## WHAT YOU NEED TO DO
Whenever a line carries the word "noteq", pull it out of the entries.

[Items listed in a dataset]
________________________________________

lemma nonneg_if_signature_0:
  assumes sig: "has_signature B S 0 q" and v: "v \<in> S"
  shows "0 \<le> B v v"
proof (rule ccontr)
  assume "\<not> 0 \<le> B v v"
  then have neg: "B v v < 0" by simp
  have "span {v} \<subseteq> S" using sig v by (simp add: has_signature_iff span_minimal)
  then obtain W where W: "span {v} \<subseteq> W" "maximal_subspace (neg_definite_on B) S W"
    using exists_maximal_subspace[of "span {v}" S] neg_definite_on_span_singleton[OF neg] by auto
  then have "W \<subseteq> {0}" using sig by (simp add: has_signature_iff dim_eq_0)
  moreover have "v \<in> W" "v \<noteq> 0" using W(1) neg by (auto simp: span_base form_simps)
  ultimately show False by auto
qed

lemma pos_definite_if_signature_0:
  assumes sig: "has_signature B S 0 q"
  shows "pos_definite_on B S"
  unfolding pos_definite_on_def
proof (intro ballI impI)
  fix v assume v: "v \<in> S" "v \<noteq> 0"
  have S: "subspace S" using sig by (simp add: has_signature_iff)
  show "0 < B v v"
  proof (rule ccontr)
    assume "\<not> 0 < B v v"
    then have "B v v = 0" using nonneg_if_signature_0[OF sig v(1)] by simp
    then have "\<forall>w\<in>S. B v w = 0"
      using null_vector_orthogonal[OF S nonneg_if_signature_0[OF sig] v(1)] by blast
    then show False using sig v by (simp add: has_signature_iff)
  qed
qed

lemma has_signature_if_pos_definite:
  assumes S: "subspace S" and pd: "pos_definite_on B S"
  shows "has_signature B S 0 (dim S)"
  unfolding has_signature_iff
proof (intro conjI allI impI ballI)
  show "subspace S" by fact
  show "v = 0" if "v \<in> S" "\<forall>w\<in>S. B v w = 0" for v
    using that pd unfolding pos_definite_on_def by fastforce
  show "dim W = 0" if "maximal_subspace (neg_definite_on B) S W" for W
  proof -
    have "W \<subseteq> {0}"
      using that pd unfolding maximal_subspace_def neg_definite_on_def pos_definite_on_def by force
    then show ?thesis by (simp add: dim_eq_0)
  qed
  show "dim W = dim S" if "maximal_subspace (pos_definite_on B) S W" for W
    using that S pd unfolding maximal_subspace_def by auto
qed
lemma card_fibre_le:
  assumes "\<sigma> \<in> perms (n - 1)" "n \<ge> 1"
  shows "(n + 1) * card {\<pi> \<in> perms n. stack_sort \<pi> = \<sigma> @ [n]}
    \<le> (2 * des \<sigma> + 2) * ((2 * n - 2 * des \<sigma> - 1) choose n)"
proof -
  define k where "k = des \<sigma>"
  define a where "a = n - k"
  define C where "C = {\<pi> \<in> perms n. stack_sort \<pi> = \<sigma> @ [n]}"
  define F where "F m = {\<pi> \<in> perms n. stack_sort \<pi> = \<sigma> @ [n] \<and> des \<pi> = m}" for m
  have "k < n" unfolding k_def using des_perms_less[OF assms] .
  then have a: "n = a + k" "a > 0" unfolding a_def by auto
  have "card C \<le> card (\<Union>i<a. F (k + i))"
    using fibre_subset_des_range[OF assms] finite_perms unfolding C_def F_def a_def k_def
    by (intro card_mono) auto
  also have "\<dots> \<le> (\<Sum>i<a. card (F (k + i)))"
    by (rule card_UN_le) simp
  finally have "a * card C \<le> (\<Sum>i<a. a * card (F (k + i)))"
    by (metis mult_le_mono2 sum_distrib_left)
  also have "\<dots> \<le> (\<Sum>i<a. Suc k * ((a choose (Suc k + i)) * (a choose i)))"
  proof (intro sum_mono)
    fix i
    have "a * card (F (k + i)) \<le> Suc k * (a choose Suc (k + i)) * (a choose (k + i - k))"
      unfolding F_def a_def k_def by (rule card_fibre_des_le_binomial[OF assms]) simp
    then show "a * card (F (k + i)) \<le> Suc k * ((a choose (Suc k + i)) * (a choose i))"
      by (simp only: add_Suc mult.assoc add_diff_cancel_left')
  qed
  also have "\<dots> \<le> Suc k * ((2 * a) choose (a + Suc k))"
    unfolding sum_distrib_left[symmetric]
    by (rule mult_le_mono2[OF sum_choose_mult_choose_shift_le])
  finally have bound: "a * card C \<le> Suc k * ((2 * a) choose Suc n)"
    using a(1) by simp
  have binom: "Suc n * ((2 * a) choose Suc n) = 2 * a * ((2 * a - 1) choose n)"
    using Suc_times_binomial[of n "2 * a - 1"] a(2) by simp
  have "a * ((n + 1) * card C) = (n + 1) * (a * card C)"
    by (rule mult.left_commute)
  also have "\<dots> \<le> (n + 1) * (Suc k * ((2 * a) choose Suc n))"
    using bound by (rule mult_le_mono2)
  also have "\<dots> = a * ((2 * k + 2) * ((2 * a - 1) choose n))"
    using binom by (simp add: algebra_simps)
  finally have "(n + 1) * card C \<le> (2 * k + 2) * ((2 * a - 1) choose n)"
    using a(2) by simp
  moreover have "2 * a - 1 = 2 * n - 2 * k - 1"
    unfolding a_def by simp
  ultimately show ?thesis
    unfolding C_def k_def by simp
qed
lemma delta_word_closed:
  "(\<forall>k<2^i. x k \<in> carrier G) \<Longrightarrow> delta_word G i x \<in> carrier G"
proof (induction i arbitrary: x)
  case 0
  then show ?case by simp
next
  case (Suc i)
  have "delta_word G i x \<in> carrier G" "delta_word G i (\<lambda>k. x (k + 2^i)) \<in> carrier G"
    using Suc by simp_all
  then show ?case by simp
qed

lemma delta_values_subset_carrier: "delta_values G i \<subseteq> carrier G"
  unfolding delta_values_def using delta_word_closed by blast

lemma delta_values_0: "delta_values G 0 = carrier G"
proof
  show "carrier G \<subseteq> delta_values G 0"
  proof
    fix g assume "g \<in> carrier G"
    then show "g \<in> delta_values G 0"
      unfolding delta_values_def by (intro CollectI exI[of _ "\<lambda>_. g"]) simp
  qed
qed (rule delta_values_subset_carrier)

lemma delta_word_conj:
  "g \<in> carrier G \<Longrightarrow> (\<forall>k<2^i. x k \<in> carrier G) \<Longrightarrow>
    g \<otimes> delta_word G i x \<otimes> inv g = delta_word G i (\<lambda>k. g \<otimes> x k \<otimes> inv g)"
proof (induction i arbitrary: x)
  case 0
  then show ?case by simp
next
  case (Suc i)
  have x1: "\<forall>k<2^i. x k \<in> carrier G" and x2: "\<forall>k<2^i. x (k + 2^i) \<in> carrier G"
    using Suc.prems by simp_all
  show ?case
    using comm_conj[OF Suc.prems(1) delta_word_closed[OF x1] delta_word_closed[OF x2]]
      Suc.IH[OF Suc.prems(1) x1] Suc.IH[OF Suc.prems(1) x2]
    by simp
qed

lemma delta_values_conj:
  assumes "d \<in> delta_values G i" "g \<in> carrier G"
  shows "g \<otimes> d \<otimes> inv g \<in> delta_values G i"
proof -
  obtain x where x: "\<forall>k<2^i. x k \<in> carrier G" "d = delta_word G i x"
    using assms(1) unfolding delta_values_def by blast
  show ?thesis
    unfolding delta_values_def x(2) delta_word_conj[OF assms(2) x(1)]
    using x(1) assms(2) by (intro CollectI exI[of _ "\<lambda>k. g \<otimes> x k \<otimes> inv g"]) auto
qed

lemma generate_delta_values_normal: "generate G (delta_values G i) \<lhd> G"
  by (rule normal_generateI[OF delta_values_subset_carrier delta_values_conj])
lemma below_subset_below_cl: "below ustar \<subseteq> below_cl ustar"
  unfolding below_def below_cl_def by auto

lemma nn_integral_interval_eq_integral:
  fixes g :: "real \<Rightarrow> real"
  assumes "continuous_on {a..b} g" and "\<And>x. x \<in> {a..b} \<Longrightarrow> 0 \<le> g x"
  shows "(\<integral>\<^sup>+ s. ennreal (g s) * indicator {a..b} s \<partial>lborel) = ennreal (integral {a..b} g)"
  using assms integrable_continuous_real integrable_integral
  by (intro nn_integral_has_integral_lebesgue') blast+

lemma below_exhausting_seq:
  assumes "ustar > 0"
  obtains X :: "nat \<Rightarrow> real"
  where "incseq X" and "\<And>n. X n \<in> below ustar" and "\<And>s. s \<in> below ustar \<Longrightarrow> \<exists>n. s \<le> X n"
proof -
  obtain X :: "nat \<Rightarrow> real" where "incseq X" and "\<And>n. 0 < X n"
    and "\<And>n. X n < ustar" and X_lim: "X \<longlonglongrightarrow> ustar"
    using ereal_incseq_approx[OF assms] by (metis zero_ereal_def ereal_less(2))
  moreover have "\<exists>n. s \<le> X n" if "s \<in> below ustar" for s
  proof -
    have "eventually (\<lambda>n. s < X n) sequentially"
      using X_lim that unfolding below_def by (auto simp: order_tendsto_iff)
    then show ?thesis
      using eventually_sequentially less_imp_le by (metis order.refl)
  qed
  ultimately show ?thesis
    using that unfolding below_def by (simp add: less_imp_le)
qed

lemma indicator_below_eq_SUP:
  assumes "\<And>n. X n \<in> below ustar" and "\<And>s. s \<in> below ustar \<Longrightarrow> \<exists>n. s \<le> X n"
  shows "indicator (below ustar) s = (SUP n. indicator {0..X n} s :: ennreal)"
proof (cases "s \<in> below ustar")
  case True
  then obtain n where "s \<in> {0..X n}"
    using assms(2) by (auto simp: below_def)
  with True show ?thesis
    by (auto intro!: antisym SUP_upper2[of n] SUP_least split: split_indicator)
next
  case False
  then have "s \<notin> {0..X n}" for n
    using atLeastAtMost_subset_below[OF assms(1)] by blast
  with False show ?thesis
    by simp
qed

________________________________________

## WORKED SOLUTION
  moreover have "v \<in> W" "v \<noteq> 0" using W(1) neg by (auto simp: span_base form_simps)
  fix v assume v: "v \<in> S" "v \<noteq> 0"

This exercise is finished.